Monday, July 30, 2012

The Scoop on Selah’s Skull Lumps

Selah saw her reconstructive surgeon, Dr. Harshbarger, today regarding the fluid-filled lumps all over her skull.  He said this can happen post-surgery, usually 9-15 months post-op.  Selah is 11 months post-op.  Our biggest concern was the largest lump that was red with a white center, which appeared to be infected.


Dr. Harshbarger wants to watch it to see if the infected mass gets better on its own without antibiotics and/or lancing it.  He wants to see Selah next week to inspect again.


Dr. Harshbarger explained that Selah is having an exuberant inflammatory response to the biodegradable plates and screws in her skull that might take up to 3 months to resolve/disappear/lessen.  Her skull is literally covered in fluid-filled lumps that are about the size of a penny, but only one of these is infected.


Selah’s lymph nodes behind her ears/in her neck are massive, about the size of a small egg, which indicate her body’s inflammatory response.  The body apparently thinks there’s infection at the site of the various plates and screws, so it’s sending white blood cells there to fight “infection”, resulting in these pus pockets all over Selah’s head. 


Luckily, Selah’s crazy curly “fro” conceals the majority of the lumps, except for the one that is infected.


And, as you can see from the blurry photos, the girl won’t sit still for anything!!!  In fact, the nurse who was trying to take photos of Selah’s skull gave up after 15 minutes of trying, and this was with Selah contained in a Bumbo seat that was suspended in the air on a tall stool.
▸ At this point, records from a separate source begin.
(* Let $\mu \in C^1(\mathbb{R})$ and a periodic $\phi\in C^2(\mathbb{R})$ satisfy $\phi''(x) = 1 - \int_{\mathbb{R}} \mu(\tfrac12 v^2 + \phi(x))\,dv$ together with assumptions (i)–(iv) below. Then $q(x) = \int_{\mathbb{R}} \mu'(\tfrac12 v^2 + \phi(x))\,dv > 0$ for some $x \in [0,P_\phi]$ (indeed for some $x\in[0,P_\phi/2]$). In particular, it is impossible that $\mu'(e) \le 0$ for all $e \in [\phi_-,\infty)$.
   Context: Assumptions: (i) $\mu\in C^1(\mathbb{R})$ is nonnegative; (ii) $\int_{\mathbb{R}} \mu(\tfrac12 v^2)\,dv = 1$; (iii) there are $\gamma>1$, $C>0$ with $|\mu'(y)| \le C/(1+|y|^\gamma)$ for all $y$; (iv) $\phi$ is nonconstant with minimal period $P_\phi$, and, writing $\phi_+ = \max\phi$, $\phi_- = \min\phi$, it is normalized so that $\phi(0)=\phi(P_\phi)=\phi_+$, $\phi(P_\phi/2) = \phi_-$, $\phi(x) = \phi(P_\phi - x)$ for all $x\in[0,P_\phi]$, and $\phi$ is strictly decreasing on $[0,P_\phi/2]$. *)

theory Defs
  imports "HOL-Analysis.Analysis"
begin

end

theory Submission imports Defs "HOL-Probability.Sinc_Integral" begin

text \<open>Write \<open>\<rho>(\<psi>) = \<integral> \<mu>(v\<^sup>2/2 + \<psi>) dv\<close> and \<open>q(\<psi>) = \<integral> \<mu>'(v\<^sup>2/2 + \<psi>) dv\<close>, so that
  \<open>\<phi>'' = 1 - \<rho>(\<phi>)\<close> and, by Fubini and the fundamental theorem of calculus,
  \<open>\<rho>(b) - \<rho>(a) = \<integral>\<^sub>a\<^sup>b q\<close>. If \<open>q \<le> 0\<close> on \<open>[\<phi>\<^sub>-, \<phi>\<^sub>+]\<close>, or if \<open>\<mu>\<close> is nonincreasing above
  \<open>\<phi>\<^sub>-\<close>, then \<open>\<rho>\<close> is nonincreasing on \<open>[\<phi>\<^sub>-, \<phi>\<^sub>+]\<close>. At the maximum of \<open>\<phi>\<close> we have
  \<open>\<phi>'' \<le> 0\<close>, i.e. \<open>\<rho>(\<phi>\<^sub>+) \<ge> 1\<close>; at the minimum \<open>\<phi>'' \<ge> 0\<close>, i.e. \<open>\<rho>(\<phi>\<^sub>-) \<le> 1\<close>. Monotonicity
  then forces \<open>\<rho> = 1\<close> on the range of \<open>\<phi>\<close>, hence \<open>\<phi>'' = 0\<close>, and a periodic function with
  vanishing second derivative is constant.\<close>

lemma integrable_const_divide_1_plus_square:
  "integrable lborel (\<lambda>v::real. M / (1 + v\<^sup>2))"
proof -
  have "integrable lborel (\<lambda>x::real. inverse (1 + x^2))"
    using integrable_inverse_1_plus_square by (simp add: set_integrable_def einterval_eq_UNIV)
  then show ?thesis
    by (simp add: divide_inverse integrable_mult_right)
qed

lemma decay_shifted_square_le:
  fixes g :: "real \<Rightarrow> real"
  assumes "\<gamma> > 1" "C > 0" and decay: "\<And>y. \<bar>g y\<bar> \<le> C / (1 + \<bar>y\<bar> powr \<gamma>)"
    and "\<bar>s\<bar> \<le> K"
  shows "\<bar>g (v\<^sup>2/2 + s)\<bar> \<le> C * (4*K + 5) / (1 + v\<^sup>2)"
proof -
  define y where "y = v\<^sup>2/2 + s"
  have "K \<ge> 0" using assms(4) by linarith
  have "C / (1 + \<bar>y\<bar> powr \<gamma>) \<le> C * (4*K + 5) / (1 + v\<^sup>2)"
  proof (cases "v\<^sup>2 \<ge> 4*K + 4")
    case True
    then have y: "y \<ge> 1" "y \<ge> v\<^sup>2/4" using assms(4) unfolding y_def by (auto simp: abs_le_iff)
    have "\<bar>y\<bar> powr \<gamma> \<ge> \<bar>y\<bar> powr 1"
      using y assms(1) by (intro powr_mono) auto
    then have "\<bar>y\<bar> powr \<gamma> \<ge> v\<^sup>2/4" using y by simp
    then have "C / (1 + \<bar>y\<bar> powr \<gamma>) \<le> C / (1 + v\<^sup>2/4)"
      using assms(2) by (intro divide_left_mono) (auto intro!: mult_pos_pos add_pos_nonneg)
    also have "\<dots> = 4*C / (4 + v\<^sup>2)" by (simp add: field_simps)
    also have "\<dots> \<le> 4*C / (1 + v\<^sup>2)"
      using assms(2) by (intro divide_left_mono) (auto intro!: mult_pos_pos add_pos_nonneg)
    also have "\<dots> \<le> C * (4*K + 5) / (1 + v\<^sup>2)"
      using assms(2) \<open>K \<ge> 0\<close> by (intro divide_right_mono) (auto intro: add_pos_nonneg)
    finally show ?thesis .
  next
    case False
    have "C / (1 + \<bar>y\<bar> powr \<gamma>) \<le> C"
      using assms(2) by (simp add: divide_le_eq) (smt (verit) mult_le_cancel_left1 powr_ge_zero)
    also have "C \<le> C * (4*K + 5) / (1 + v\<^sup>2)"
      using False assms(2) by (simp add: le_divide_eq add_pos_nonneg)
    finally show ?thesis .
  qed
  then show ?thesis using decay[of y] unfolding y_def by linarith
qed

lemma integrable_pair_shifted_square:
  fixes g :: "real \<Rightarrow> real"
  assumes g_cont: "continuous_on UNIV g"
    and "\<gamma> > 1" "C > 0" and decay: "\<And>y. \<bar>g y\<bar> \<le> C / (1 + \<bar>y\<bar> powr \<gamma>)"
    and "a \<le> b"
  shows "integrable (lborel \<Otimes>\<^sub>M lborel) (\<lambda>(v, s). indicator {a..b} s * g (v\<^sup>2/2 + s))"
    (is "integrable _ (case_prod ?f)")
proof -
  define M where "M = C * (4 * (\<bar>a\<bar> + \<bar>b\<bar>) + 5)"
  define c where "c = (LINT s|lborel. indicator {a..b} s :: real)"
  have [measurable]: "g \<in> borel_measurable borel"
    using g_cont by (rule borel_measurable_continuous_onI)
  have section_cont: "continuous_on {a..b} (\<lambda>s. g (v\<^sup>2/2 + s))" for v
    by (intro continuous_on_compose2[OF g_cont] continuous_intros) auto
  have section_integrable: "integrable lborel (?f v)" for v
    using borel_integrable_atLeastAtMost'[OF section_cont, unfolded set_integrable_def] by simp
  have section_bound: "(LINT s|lborel. norm (?f v s)) \<le> M * c / (1 + v\<^sup>2)" for v
  proof -
    have "(LINT s|lborel. norm (?f v s)) \<le> (LINT s|lborel. M / (1 + v\<^sup>2) * indicator {a..b} s)"
    proof (rule integral_mono)
      show "integrable lborel (\<lambda>s. M / (1 + v\<^sup>2) * indicator {a..b} s)"
        using \<open>a \<le> b\<close> by (intro integrable_mult_right integrable_real_indicator)
          (auto simp: emeasure_lborel_Icc)
      show "norm (?f v s) \<le> M / (1 + v\<^sup>2) * indicator {a..b} s" for s
        using decay_shifted_square_le[OF assms(2-4), of s "\<bar>a\<bar> + \<bar>b\<bar>" v]
        by (auto simp: M_def indicator_def)
    qed (use section_integrable in auto)
    then show ?thesis unfolding c_def by simp
  qed
  show ?thesis
  proof (rule lborel_pair.Fubini_integrable)
    show "integrable lborel (\<lambda>v. LINT s|lborel. norm (case_prod ?f (v, s)))"
    proof (rule Bochner_Integration.integrable_bound)
      show "integrable lborel (\<lambda>v. M * c / (1 + v\<^sup>2))"
        by (rule integrable_const_divide_1_plus_square)
      show "AE v in lborel. norm (LINT s|lborel. norm (case_prod ?f (v, s))) \<le> norm (M * c / (1 + v\<^sup>2))"
      proof (intro AE_I2)
        fix v
        have "M * c / (1 + v\<^sup>2) \<le> \<bar>M * c\<bar> / (1 + v\<^sup>2)"
          by (intro divide_right_mono) auto
        then show "norm (LINT s|lborel. norm (case_prod ?f (v, s))) \<le> norm (M * c / (1 + v\<^sup>2))"
          using order_trans[OF section_bound[of v]] by simp
      qed
    qed measurable
  qed (use section_integrable in \<open>auto\<close>)
qed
Which brings me to another prayer request for Selah.  Her brain is literally always on overdrive.  She must move at all times, more than even “typical” hyperactivity.  All of the doctors and specialists who see her say they’ve never seen a child like her, which is coupled with the fact that they’ve never dealt with a case like Selah’s miracle story.  No one knows what to expect with her because they don’t have data on a situation like hers since she shouldn’t have survived birth and was expected to be stillborn.  So, Selah’s neurological issues are novel for all involved with her case.


What we know is that Selah’s brain isn’t able to self-regulate and calm down, even with physical and occupational therapies that would help a typical brain to regulate.  She is off-the-charts-always-in-overdrive mode at all times, including sleep times.  I have to say that while we marvel and rejoice in the miracle of Selah, we all need some down time.  The longest Selah has ever sat still is 8 seconds.  Literally.  5-point harnesses are her enemy, like a straight-jacket to her spirit.  It’s horrible.  Selah MUST move, as in physically move AT. ALL. TIMES.  She doesn’t quietly play with toys or dolls or look at books or watch movies or anything.  She is constantly moving and climbing.  She won’t stay in our arms either.  If she sees something she could possibly climb, she must do so.  Like, for instance, climbing the cabinets using the cabinet pulls like it’s a rock climbing wall.  Climbing into a chair, not to sit, but to climb to the back of the chair like it’s a step to the next highest place.  It’s never-ending excitement with Selah without an iota of down time or “off” time.


Selah’s neurologist can’t see her until November 13.  She will have her sleep study August 28.  In the meantime, everyone is stumped at how to help Selah’s brain regulate.  We’ve found Daddy’s tractor is the only thing that helps her, which involves the loud diesel motor and lots of jiggling.  We try to emulate this in other ways, but it never works.  So, tractor time it is when we all need a break. :-) 


We praise God that there are many hands on this team to help supervise Selah.  I know none of us could do it alone.  Even with sheer exhaustion, we always ALL agree that Selah is one of the greatest blessings on earth.  Thank you, Jesus, for sending this little miracle girl to us.  We are always grateful, even when we’re exhausted.